The destruction or surrender of something for the sake of something else – sacrifice.
There are many points in life when you may have to sacrifice something for the good of someone else. You go without something for yourself to provide for your children, you sacrifice your own mental health to help someone else with theirs, you bite your tongue and hold back your feelings, words and emotions as to not hurt or offend another person. There are so many ways you can sacrifice yourself and sometimes it comes at a cost.
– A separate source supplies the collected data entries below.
(* The DstoFW iteration. dstofw ... t is the state (x^k, v^k, d^k) at iteration k = t+1.
   \<omega> (k, i, l), l < s k, is the l-th index of the sample S^k drawn by agent i.
   lmo k i d is the linear-minimization output u_i^k for direction d. *)
primrec dstofw :: "nat \<Rightarrow> (nat \<Rightarrow> nat \<Rightarrow> real) \<Rightarrow> (nat \<Rightarrow> nat) \<Rightarrow> (nat \<Rightarrow> nat \<Rightarrow> 'a \<Rightarrow> 'a)
   \<Rightarrow> (nat \<Rightarrow> nat \<Rightarrow> 'a \<Rightarrow> 'a) \<Rightarrow> (nat \<Rightarrow> real) \<Rightarrow> nat \<Rightarrow> (nat \<Rightarrow> nat)
   \<Rightarrow> (nat \<times> nat \<times> nat \<Rightarrow> nat) \<Rightarrow> (nat \<Rightarrow> 'a::real_inner) \<Rightarrow> nat
   \<Rightarrow> (nat \<Rightarrow> 'a) \<times> (nat \<Rightarrow> 'a) \<times> (nat \<Rightarrow> 'a)" where
  "dstofw m W n gr lmo \<gamma> q s \<omega> x1 0 =
     (x1, (\<lambda>i. local_grad gr n i (x1 i)), (\<lambda>i. local_grad gr n i (x1 i)))"
| "dstofw m W n gr lmo \<gamma> q s \<omega> x1 (Suc t) =
     (case dstofw m W n gr lmo \<gamma> q s \<omega> x1 t of (x, v, d) \<Rightarrow>
       let k = Suc t;
           xbar = (\<lambda>i. \<Sum>j<m. W i j *\<^sub>R x j);
           u = (\<lambda>i. lmo k i (d i));
           x' = (\<lambda>i. (1 - \<gamma> k) *\<^sub>R xbar i + \<gamma> k *\<^sub>R u i);
           v' = (\<lambda>i. if (k + 1) mod q = 0 then local_grad gr n i (x' i)
                     else (1 / real (s k)) *\<^sub>R
                            (\<Sum>l<s k. gr i (\<omega> (k, i, l)) (x' i) - gr i (\<omega> (k, i, l)) (x i))
                          + v i);
           g' = (\<lambda>i. d i + v' i - v i);
           d' = (\<lambda>i. \<Sum>j<m. W i j *\<^sub>R g' j)
       in (x', v', d'))"
definition to_right_end :: "ereal \<Rightarrow> real filter" where
  "to_right_end xs = (if xs = \<infinity> then at_top else at_left (real_of_ereal xs))"

end

theory Submission
  imports Defs
begin

text \<open>
  Write \<open>I(x) = -log \<mu>([x,\<infinity>))\<close>. The Cramer transform is a supremum of affine functions, hence
  convex; near \<open>x\<^sup>*\<close> it is finite and positive and can itself serve as \<open>V\<close>.

  Conversely, Chernoff's inequality bounds every term \<open>t x - \<Lambda>(t)\<close> with \<open>t \<ge> 0\<close> by \<open>I(x)\<close>, and the
  mass to the left of a fixed point bounds the terms with \<open>t < 0\<close>, so eventually \<open>\<Lambda>\<^sup>* \<le> I\<close>.
  For the lower bound there are two cases. If \<open>I\<close> stays bounded, \<open>x\<^sup>*\<close> is an atom and both
  \<open>I(x)\<close> and \<open>\<Lambda>\<^sup>*(x)\<close> approach \<open>-log \<mu>{x\<^sup>*}\<close>. If \<open>I \<rightarrow> \<infinity>\<close>, then \<open>(1 - \<eta>) V\<close> is a convex
  minorant of \<open>I\<close>; its supporting line at \<open>x\<close> yields an exponential tail bound, which controls the
  moment generating function at \<open>(1 - \<eta>)\<close> times the slope and gives
  \<open>\<Lambda>\<^sup>*(x) \<ge> (1 - \<eta>)\<^sup>3 I(x) - C\<^sub>\<eta>\<close>.
\<close>

lemma convex_on_supporting_line:
  fixes f :: "real \<Rightarrow> real"
  assumes f: "convex_on S f" and x: "x \<in> S" and l: "l \<in> S" "l < x" and r: "r \<in> S" "x < r"
  obtains \<sigma> where "\<And>y. y \<in> S \<Longrightarrow> f x + \<sigma> * (y - x) \<le> f y"
proof -
  have slopes: "(f x - f y) / (x - y) \<le> (f w - f x) / (w - x)"
    if "y \<in> S" "y < x" "w \<in> S" "x < w" for y w
  proof -
    have "(f y - f x) / (y - x) \<le> (f y - f w) / (y - w)"
      using convex_on_slope_le(1)[OF f that(1) that(3)] that by simp
    also have "\<dots> \<le> (f x - f w) / (x - w)"
      using convex_on_slope_le(2)[OF f that(1) that(3)] that by simp
    finally show ?thesis
      by (metis minus_diff_eq minus_divide_divide)
  qed
  define L where "L = {(f x - f y) / (x - y) | y. y \<in> S \<and> y < x}"
  have L_ne: "L \<noteq> {}" using l unfolding L_def by auto
  have L_bdd: "bdd_above L" unfolding L_def bdd_above_def using slopes[OF _ _ r] by auto
  have "f x + Sup L * (y - x) \<le> f y" if y: "y \<in> S" for y
  proof (cases y x rule: linorder_cases)
    case less
    have "(f x - f y) / (x - y) \<le> Sup L"
      using y less by (intro cSup_upper L_bdd) (auto simp: L_def)
    thus ?thesis using less by (simp add: divide_le_eq algebra_simps)
  next
    case greater
    have "Sup L \<le> (f y - f x) / (y - x)"
      using slopes[OF _ _ y greater] by (intro cSup_least L_ne) (auto simp: L_def)
    thus ?thesis using greater by (simp add: le_divide_eq algebra_simps)
  qed simp
  thus thesis by (rule that)
qed

lemma convex_ereal_interval: "convex {x::real. a < ereal x \<and> ereal x < b}"
  unfolding is_interval_convex_1[symmetric] is_interval_1
  by auto (meson ereal_less_eq(3) le_less_trans less_le_trans)+

lemma suminf_ennreal_geometric:
  assumes "0 \<le> A" "0 \<le> r" "r < 1"
  shows "(\<Sum>k. ennreal (A * r ^ k)) = ennreal (A / (1 - r))"
  using assms sums_mult[OF geometric_sums[of r], of A] by (intro suminf_ennreal_eq) auto

lemma tendsto_ratio_oneD:
  fixes f g :: "'a \<Rightarrow> real"
  assumes lim: "((\<lambda>x. f x / g x) \<longlongrightarrow> 1) F" and nonneg: "eventually (\<lambda>x. 0 \<le> f x) F"
    and \<delta>: "0 < \<delta>" "\<delta> < 1"
  shows "eventually (\<lambda>x. 0 < f x \<and> 0 < g x \<and> (1 - \<delta>) * g x \<le> f x \<and> f x \<le> (1 + \<delta>) * g x) F"
proof -
  have "eventually (\<lambda>x. 1 - \<delta> < f x / g x) F" by (rule order_tendstoD(1)[OF lim]) (use \<delta> in simp)
  moreover have "eventually (\<lambda>x. f x / g x < 1 + \<delta>) F" by (rule order_tendstoD(2)[OF lim]) (use \<delta> in simp)
  ultimately show ?thesis using nonneg
  proof eventually_elim
    case (elim x)
    have ratio: "0 < f x / g x" using elim \<delta> by linarith
    hence g: "0 < g x" using elim(3) by (simp add: zero_less_divide_iff)
    moreover have "0 < f x" using ratio g by (simp add: zero_less_divide_iff)
    ultimately show ?case using elim \<delta> by (auto simp: less_divide_eq divide_less_eq zero_less_divide_iff)
  qed
qed

lemma tendsto_ereal_ratio_one:
  fixes f :: "'a \<Rightarrow> real" and g :: "'a \<Rightarrow> ereal"
  assumes upper: "eventually (\<lambda>x. 0 < f x \<and> g x \<le> ereal (f x)) F"
    and lower: "\<And>e. 0 < e \<Longrightarrow> e < 1 \<Longrightarrow> eventually (\<lambda>x. ereal ((1 - e) * f x) \<le> g x) F"
  shows "((\<lambda>x. ereal (f x) / g x) \<longlongrightarrow> ereal 1) F"
proof -
  define h where "h x = real_of_ereal (g x)" for x
  have bounds: "eventually (\<lambda>x. 0 < f x \<and> g x = ereal (h x) \<and> (1 - e) * f x \<le> h x \<and> h x \<le> f x) F"
    if "0 < e" "e < 1" for e
    using upper lower[OF that]
  proof eventually_elim
    case (elim x)
    then obtain v where "g x = ereal v" by (cases "g x") auto
    with elim show ?case by (simp add: h_def)
  qed
  have "((\<lambda>x. h x / f x) \<longlongrightarrow> 1) F"
  proof (rule tendstoI)
    fix \<epsilon> :: real assume "0 < \<epsilon>"
    define e where "e = min (\<epsilon> / 2) (1 / 2)"
    have e: "0 < e" "e < 1" "e < \<epsilon>" unfolding e_def using \<open>0 < \<epsilon>\<close> by auto
    show "eventually (\<lambda>x. dist (h x / f x) 1 < \<epsilon>) F"
      using bounds[OF e(1,2)]
    proof eventually_elim
      case (elim x)
      hence "\<bar>h x / f x - 1\<bar> \<le> e" by (simp add: field_simps abs_le_iff)
      thus ?case using e by (simp add: dist_real_def)
    qed
  qed
  hence "((\<lambda>x. inverse (h x / f x)) \<longlongrightarrow> inverse 1) F"
    by (intro tendsto_inverse) auto
  hence "((\<lambda>x. ereal (f x / h x)) \<longlongrightarrow> ereal 1) F"
    by (intro tendsto_ereal) simp
  moreover have "eventually (\<lambda>x. ereal (f x / h x) = ereal (f x) / g x) F"
    using bounds[of "1/2", simplified] by (rule eventually_mono) auto
  ultimately show ?thesis by (rule Lim_transform_eventually)
qed

lemma pos_real_of_ereal_ratio:
  assumes "ereal (1 / 2) < ereal r / C" "ereal r / C < ereal 2" "0 \<le> C"
  shows "\<exists>v>0. C = ereal v"
proof (cases C)
  case (real v)
  have "v \<noteq> 0"
  proof
    assume "v = 0"
    hence "ereal r / C = ereal r * \<infinity>" using real by simp
    thus False using assms(1,2) by (cases "r > 0"; cases "r = 0") auto
  qed
  thus ?thesis using real assms(3) by auto
qed (use assms in auto)

lemma exp_le_grid_indicators:
  fixes t z w :: real
  assumes t: "0 < t"
  shows "ennreal (exp (t * w)) \<le> ennreal (exp (t * z)) * indicator {..<z} w
           + (\<Sum>k. ennreal (exp (t * z + real (Suc k))) * indicator {z + real k / t..<z + real (Suc k) / t} w)"
proof (cases "w < z")
  case True
  hence "ennreal (exp (t * w)) \<le> ennreal (exp (t * z)) * indicator {..<z} w" using t by simp
  thus ?thesis by (rule add_increasing2[OF zero_le])
next
  case False
  define G where "G k = ennreal (exp (t * z + real (Suc k))) * indicator {z + real k / t..<z + real (Suc k) / t} w" for k
  define k where "k = nat \<lfloor>t * (w - z)\<rfloor>"
  have "0 \<le> t * (w - z)" using False t by simp
  hence k: "real k \<le> t * (w - z)" "t * (w - z) < real k + 1" unfolding k_def by (simp_all add: of_nat_nat)
  hence "z + real k / t \<le> w" "w < z + real (Suc k) / t" using t by (simp_all add: field_simps)
  moreover have "exp (t * w) \<le> exp (t * z + real (Suc k))" using k(2) by (simp add: algebra_simps)
  ultimately have "ennreal (exp (t * w)) \<le> G k" unfolding G_def by simp
  also have "\<dots> \<le> (\<Sum>k. G k)" using sum_le_suminf[of G "{k}"] by (simp add: summableI)
  finally show ?thesis unfolding G_def by (rule add_increasing[OF zero_le])
qed

definition mgf :: "real measure \<Rightarrow> real \<Rightarrow> ennreal" where
  "mgf M t = (\<integral>\<^sup>+ y. ennreal (exp (t * y)) \<partial>M)"

definition tail_rate :: "real measure \<Rightarrow> real \<Rightarrow> real" where
  "tail_rate M x = - ln (measure M {x..})"

lemma log_mgf_eq_ln_mgf: "mgf M t \<noteq> \<infinity> \<Longrightarrow> log_mgf M t = ereal (ln (enn2real (mgf M t)))"
  unfolding log_mgf_def mgf_def[symmetric] by (simp add: Let_def)

lemma log_mgf_eq_infinity: "mgf M t = \<infinity> \<Longrightarrow> log_mgf M t = \<infinity>"
  unfolding log_mgf_def mgf_def[symmetric] by (simp add: Let_def)

lemma cramer_ge_term: "ereal (t * x) - log_mgf M t \<le> cramer M x"
  unfolding cramer_def by (rule SUP_upper) auto

lemma convex_on_cramer:
  assumes S: "convex S" and V: "\<And>x. x \<in> S \<Longrightarrow> cramer M x = ereal (V x)"
  shows "convex_on S V"
proof (rule convex_onI)
  fix s x y :: real assume s: "0 < s" "s < 1" and xy: "x \<in> S" "y \<in> S"
  define z where "z = (1 - s) *\<^sub>R x + s *\<^sub>R y"
  have "z \<in> S" using S xy s unfolding z_def by (simp add: convex_alt)
  have "cramer M z \<le> ereal ((1 - s) * V x + s * V y)"
    unfolding cramer_def
  proof (rule SUP_least)
    fix t :: real
    show "ereal (t * z) - log_mgf M t \<le> ereal ((1 - s) * V x + s * V y)"
    proof (cases "mgf M t = \<infinity>")
      case True thus ?thesis by (simp add: log_mgf_eq_infinity)
    next
      case False
      define l where "l = ln (enn2real (mgf M t))"
      have l: "log_mgf M t = ereal l" using log_mgf_eq_ln_mgf[OF False] by (simp add: l_def)
      have "t * x - l \<le> V x" "t * y - l \<le> V y"
        using cramer_ge_term[of t _ M] V xy l by (metis ereal_minus(1) ereal_less_eq(3))+
      hence "(1 - s) * (t * x - l) + s * (t * y - l) \<le> (1 - s) * V x + s * V y"
        using s by (intro add_mono mult_left_mono) auto
      moreover have "t * z - l = (1 - s) * (t * x - l) + s * (t * y - l)"
        unfolding z_def by (simp add: algebra_simps)
      ultimately show ?thesis using l by simp
    qed
  qed
  thus "V ((1 - s) *\<^sub>R x + s *\<^sub>R y) \<le> (1 - s) * V x + s * V y"
    using V[OF \<open>z \<in> S\<close>] unfolding z_def by simp
qed (rule S)

lemma msupport_le_right_end: "x \<in> msupport M \<Longrightarrow> ereal x \<le> right_end M"
  unfolding right_end_def by (rule Sup_upper) auto

context real_distribution
begin

lemma null_sets_compl_msupport: "- msupport M \<in> null_sets M"
proof -
  define \<B> where "\<B> = {ball z e | z e. 0 < e \<and> emeasure M (ball z e) = 0}"
  have compl: "- msupport M = \<Union>\<B>"
  proof (intro equalityI subsetI)
    fix x assume "x \<in> - msupport M"
    then obtain e where "0 < e" "emeasure M (ball x e) = 0"
      unfolding msupport_def by auto
    thus "x \<in> \<Union>\<B>" unfolding \<B>_def by force
  next
    fix x assume "x \<in> \<Union>\<B>"
    then obtain z e where ze: "x \<in> ball z e" "emeasure M (ball z e) = 0" unfolding \<B>_def by auto
    obtain d where d: "0 < d" "ball x d \<subseteq> ball z e" using openE[OF open_ball ze(1)] .
    have "emeasure M (ball x d) \<le> emeasure M (ball z e)"
      using d by (intro emeasure_mono) auto
    thus "x \<in> - msupport M" using d ze unfolding msupport_def by auto
  qed
  have open_\<B>: "open B" if "B \<in> \<B>" for B using that unfolding \<B>_def by auto
  obtain \<B>' where \<B>': "\<B>' \<subseteq> \<B>" "countable \<B>'" "\<Union>\<B>' = \<Union>\<B>"
    using Lindelof[of \<B>, OF open_\<B>] by blast
  have null_\<B>: "B \<in> null_sets M" if "B \<in> \<B>" for B
    using that unfolding \<B>_def by (auto simp: null_sets_def intro: borel_open)
  have "(\<Union>B\<in>\<B>'. B) \<in> null_sets M"
    using \<B>' null_\<B> by (intro null_sets_UN') auto
  thus ?thesis using compl \<B>' by simp
qed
I have given myself up to people for a long time and always have made myself uncomfortable or sad in lieu of someone else experiencing that pain or hurt because I would never want to be responsible for causing any of that to someone else. But at what point do you stop doing that and make yourself important too? It is hard if you are an empath or if you are a people pleaser and so there comes a point when it can all be too much. I live my life with the goal and intention of being a good person. A kind, thoughtful and loving person who would do anything for not only her loved ones but any other person in need. As I’ve mentioned in past posts, I like to see people happy, but it can also be detrimental if you are doing it and it leaves you in the dark. Everyone is battling something or has their own issues they need to deal with and trying to keep that in mind in your own personal actions is the thoughtful thing to do. But what happens when you are always putting others needs ahead of your own? At some point you need to put your own needs first and there is nothing wrong with that. It’s hard, I know – but we must try our best.
It is very easy for people to point fingers and judge others – our entire society has become this way, but it is easy because those people haven’t lived even a single minute in another person’s shoes. What if the tables were turned? Could those people live the life you have lived? Could they endure the struggles you’ve had to fight through? I’ve thought about this a lot when Mark was sick, and I know that is why I never for a moment left his side or turned away from him. I gave him my all and never wanted him to feel bad about any of it because I know he didn’t want to be sick or suffer and he especially didn’t want it to take a toll or to be a burden on his family. I didn’t want him to have to worry about anything or doubt my love or dedication to him for a single moment. That was the last thing he needed to be thinking about – I just wanted him to get better and most importantly for him to know that any sacrifices I made was done out of love, compassion, respect and care for him. Vows are not just words to be said, they are the way to live as a couple.
I do not for a second regret any of it, and I would have done it for him forever but it did leave me emotionally and physically drained and feeling very much alone for a long time. We are talking about years of being on high alert while carrying the weight of the world on my shoulders. Caring for not only him but my daughter, working full time, maintaining a home, keeping up with all extracurricular activities, running around and slapping on a happy face while attending family functions or gatherings and always ensuring everything was fine at all times because that is what any person would do for their loved ones, right?!
As time has gone on, I have healed in many ways but there is much more healing to do. I have found happiness and peace again and it feels wonderful to have that surrounding me, yet things are still difficult and emotional for me. I have come to a new understanding on many things and for many different reasons and as I process it all I will grow smarter and stronger each day. Is it all exhausting? It sure is, but it can be rewarding too. I hope if anyone else reading this today is feeling the same way or feels like they might be sacrificing a little too much of themselves at the moment I hope you can take something from this and be sure to do a little something for yourself to reenergize or boost yourself too.